Lineage Operations
Lineage captures source-to-target movement plus execution context (pipeline_id, model_id, trace_id, purpose) to make downstream data usage traceable.
What lineage stores
- Job events (
sys.lineage_jobs) - Edge events (
sys.lineage_edges) - Optional projected durable stores (index/table sink configuration)
Enable lineage sink
SET GLOBAL TRANSIENT
lineage.enabled = true,
lineage.sink.mode = 'async',
"lineage.sink.index.enabled" = true,
"lineage.sink.index.jobs_table" = 'doc.lineage_jobs_store_e2e',
"lineage.sink.index.edges_table" = 'doc.lineage_edges_store_e2e',
"lineage.sink.index.shards" = 1,
"lineage.sink.index.replicas" = '0',
"lineage.sink.index.partition_by" = 'day';
Optional projected tables
CREATE TABLE IF NOT EXISTS doc.lineage_jobs_store_e2e (
event_id STRING,
job_id STRING,
user_id STRING,
timestamp LONG,
query_hash STRING,
status STRING,
pipeline_id STRING,
model_id STRING,
dataset_version STRING,
purpose STRING,
trace_id STRING,
event_bucket STRING,
PRIMARY KEY (event_id, event_bucket)
)
PARTITIONED BY (event_bucket)
CLUSTERED INTO 1 SHARDS
WITH (number_of_replicas = 0);
CREATE TABLE IF NOT EXISTS doc.lineage_edges_store_e2e (
event_id STRING,
job_id STRING,
source_table STRING,
source_columns ARRAY(STRING),
target_table STRING,
target_columns ARRAY(STRING),
transform_metadata OBJECT(DYNAMIC),
timestamp LONG,
pipeline_id STRING,
model_id STRING,
dataset_version STRING,
purpose STRING,
trace_id STRING,
event_bucket STRING,
PRIMARY KEY (event_id, event_bucket)
)
PARTITIONED BY (event_bucket)
CLUSTERED INTO 1 SHARDS
WITH (number_of_replicas = 0);
Generate lineage
As testuser:
SET SESSION lineage.enabled = true;
SET SESSION pipeline_id = 'pipeline-ctx';
SET SESSION model_id = 'model-ctx';
SET SESSION dataset_version = 'v-ctx';
SET SESSION purpose = 'fraud_scoring';
SET SESSION trace_id = 'trace-ctx';
INSERT INTO doc.l_src (id) VALUES (1), (2);
INSERT INTO doc.l_dst (id) SELECT id FROM doc.l_src;
Inspect lineage
SELECT source_table, target_table, transform_metadata['operation']
FROM sys.lineage_edges
WHERE source_table = 'doc.l_src' AND target_table = 'doc.l_dst'
ORDER BY timestamp DESC
LIMIT 5;
SELECT job_id, pipeline_id, model_id, dataset_version, purpose, trace_id
FROM sys.lineage_jobs
ORDER BY timestamp DESC
LIMIT 5;
Projected table checks:
REFRESH TABLE doc.lineage_edges_store_e2e;
REFRESH TABLE doc.lineage_jobs_store_e2e;
SELECT job_id, source_table, target_table, transform_metadata['operation']

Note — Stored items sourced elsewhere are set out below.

(* Let $n\in\mathbb{N}$ and let $\mathcal{A}_n$ be a Sperner family of subsets of $[1,n]_{\mathbb{Z}}$. For $0\le k\le n$ let $a_k=|\{A\in\mathcal{A}_n: |A|=k\}|$. Then $$\sum_{k=0}^n\frac{a_k}{\binom{n}{k}}\le 4.$$
   Context: $[1,n]_{\mathbb{Z}}=\{1,\dots,n\}$. A collection $\mathcal{A}_n$ of subsets of $[1,n]_{\mathbb{Z}}$ is called a Sperner family if for each $A\in\mathcal{A}_n$ at least one of the following holds: (1) there exists $B_A\subset[1,n]_{\mathbb{Z}}\setminus A$ with $|B_A|\ge n/2$ such that every $A'\supset A$ with $A'\cap B_A\neq\emptyset$ satisfies $A'\notin\mathcal{A}_n$; (2) there exists $B'_A\subset A$ with $|B'_A|\ge n/2$ such that every $A'\subset A$ with $B'_A\setminus A'\ne\emptyset$ satisfies $A'\notin\mathcal{A}_n$. *)

theory Defs
  imports Complex_Main
begin

text \<open>The paper's (generalised) notion of a Sperner family of subsets of {1..n}.\<close>
definition sperner_family :: "nat \<Rightarrow> nat set set \<Rightarrow> bool" where
  "sperner_family n \<A> \<longleftrightarrow>
     \<A> \<subseteq> Pow {1..n} \<and>
     (\<forall>A\<in>\<A>.
        (\<exists>B. B \<subseteq> {1..n} - A \<and> real (card B) \<ge> real n / 2 \<and>
             (\<forall>A'. A \<subseteq> A' \<longrightarrow> A' \<inter> B \<noteq> {} \<longrightarrow> A' \<notin> \<A>))
      \<or> (\<exists>B'. B' \<subseteq> A \<and> real (card B') \<ge> real n / 2 \<and>
             (\<forall>A'. A' \<subseteq> A \<longrightarrow> B' - A' \<noteq> {} \<longrightarrow> A' \<notin> \<A>)))"

end

theory Submission
  imports Defs "HOL-Combinatorics.Multiset_Permutations"
begin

FROM doc.lineage_edges_store_e2e
ORDER BY timestamp DESC
LIMIT 10;
SELECT job_id, pipeline_id, model_id, dataset_version, purpose, trace_id
FROM doc.lineage_jobs_store_e2e
ORDER BY timestamp DESC
LIMIT 10;
Sink health checks
SELECT mode,
queue_depth,
queue_size,
sink_lag_ms,
retry_count,
dropped_events,
spool_replay_count
FROM sys.lineage_sink_metrics
LIMIT 1;
Troubleshooting
- No lineage rows:
- confirm
lineage.enabledat session/cluster scopes. - confirm statements perform actual source-target data movement.
- High sink lag:
- tune async queue/batch settings and reduce burst pressure.
- Missing context fields:
- verify
pipeline_id,model_id,dataset_version,purpose,trace_idare set before execution.